The first is the coming into being of what Marshall McLuhan called 'The Global Village'. (The man was truly prescient.) The edifice containing nation states that remain separate and distinct is beginning to crumble.Technology has made possible a sharing of information that could only be dreamed about in earlier ages. The effect is dramatic, allowing oppressed people in dire circumstances to see and comprehend that not all are so oppressed, and, indeed, being free and relatively left alone by government or dour religious authorities, create little 'flash mobs' that feature joyful singing and dancing. If them, why not us? The group was unanimous in seeing this question as achieving real impact in 2012.

All also agreed that the second edifice showing cracks was the theory that 'Global Warming' was a hoax and not of any significance. Yet all present concurred that the last Ice Age was still in retreat, things were getting warmer and the weather getting more and more unpredictable. Our efforts at capping carbon are paltry, but this pales in significance when one considers the effect of methane currently bubbling up in the Arctic and Antarctica as the ice sheets decline. Methane is a far more formidable greenhouse gas than carbon, and life on planet Earth is going to get very exciting indeed, with at least some if that excitement scheduled for 2012.
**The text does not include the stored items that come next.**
(* Let $n,f$ be positive integers such that $2^{f/2}=O(n)$. Any $f$-FDO with an arbitrary finite stretch for $n$-vertex directed graphs requires $\Omega(2^{f/2}\, n)$ bits of space, regardless of the query time.
   Context: For a directed graph $G=(V,E)$ and $F\subseteq E$, $G-F$ is $G$ with the edges of $F$ removed; $\mathrm{diam}(H)=\max_{s,t} d_H(s,t)$, which is $+\infty$ if $H$ is not strongly connected. An $f$-FDO ($f$-edge fault-tolerant diameter oracle) for $G$ is a data structure built from $G$ that, on query a set $F\subseteq E$ with $|F|\le f$, returns a value $\widehat{D}(F)$; it has stretch $\sigma\ge 1$ if always $\mathrm{diam}(G-F)\le \widehat{D}(F)\le \sigma\cdot \mathrm{diam}(G-F)$. A finite stretch $\sigma$ in particular forces $\widehat D(F)=+\infty$ exactly when $\mathrm{diam}(G-F)=+\infty$. *)

theory Defs
  imports Complex_Main "HOL-Library.Extended_Real"
begin

definition digraph :: "nat \<Rightarrow> (nat \<times> nat) set \<Rightarrow> bool" where
  "digraph n E \<longleftrightarrow> E \<subseteq> {0..<n} \<times> {0..<n} \<and> (\<forall>v. (v, v) \<notin> E)"

definition dist_g :: "(nat \<times> nat) set \<Rightarrow> nat \<Rightarrow> nat \<Rightarrow> enat" where
  "dist_g E s t = (INF k \<in> {k. (s, t) \<in> E ^^ k}. enat k)"

definition diam_g :: "nat \<Rightarrow> (nat \<times> nat) set \<Rightarrow> enat" where
  "diam_g n E = (SUP s \<in> {0..<n}. SUP t \<in> {0..<n}. dist_g E s t)"

text \<open>An f-FDO with stretch sigma for n-vertex digraphs, modelled information-theoretically:
  a bit-string encoding of each graph, and an arbitrary (unbounded time) query function
  answering from the encoding alone.\<close>
definition is_FDO ::
  "nat \<Rightarrow> nat \<Rightarrow> real \<Rightarrow> ((nat \<times> nat) set \<Rightarrow> bool list)
     \<Rightarrow> (bool list \<Rightarrow> (nat \<times> nat) set \<Rightarrow> ereal) \<Rightarrow> bool" where
  "is_FDO n f \<sigma> enc Q \<longleftrightarrow>
     (\<forall>E F. digraph n E \<and> F \<subseteq> E \<and> card F \<le> f \<longrightarrow>
        ereal_of_enat (diam_g n (E - F)) \<le> Q (enc E) F \<and>
        Q (enc E) F \<le> ereal \<sigma> * ereal_of_enat (diam_g n (E - F)))"

end

theory Submission
  imports Defs "HOL-Library.Discrete_Functions"
begin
Finally, cracks are beginning to appear, after some 10,000 years, in the role organized religion plays in life. Richard Dawkin's book, The God Delusion, has sold two million English language versions, and has been translated into 31 others. Christopher Hitchens' God Is Not Great' has become a best seller. This, in my opinion, is all to the good.

I do understand why our paleolithic ancestors invented all manner of gods and goddesses to explain the things that, given the state of knowledge at that time, were mysteries. There even was a birth goddess who was called upon when a man and a woman united. She, however, faded away when the tribe learned to count to nine.

It was, however, when patriarchy grabbed the religious reins that things really took a turn for the worse. The 'holy' religious texts used to browbeat various populaces into submission have foundations with no basis whatsoever in fact. Yet these texts allow religious leaders to wage war, curtail all manner of freedoms, and see women as chattel. AND IT IS STILL GOING ON. Science and reason should have brought all this to an end long ago, but the staying power of religion is formidable.

This could, and probably is, a result of fear of death. Woody Allen puts this well (as he usually does) when he stated "I don't want to achieve immortality through my work. I want to achieve immortality by not dying."

Cracks are, however appearing in the religious edifice, and not before time. As for me, I take solace in the following advice from Victor Hugo: "It is nothing to die; it is frightful not to live."

Discuss among yourselves.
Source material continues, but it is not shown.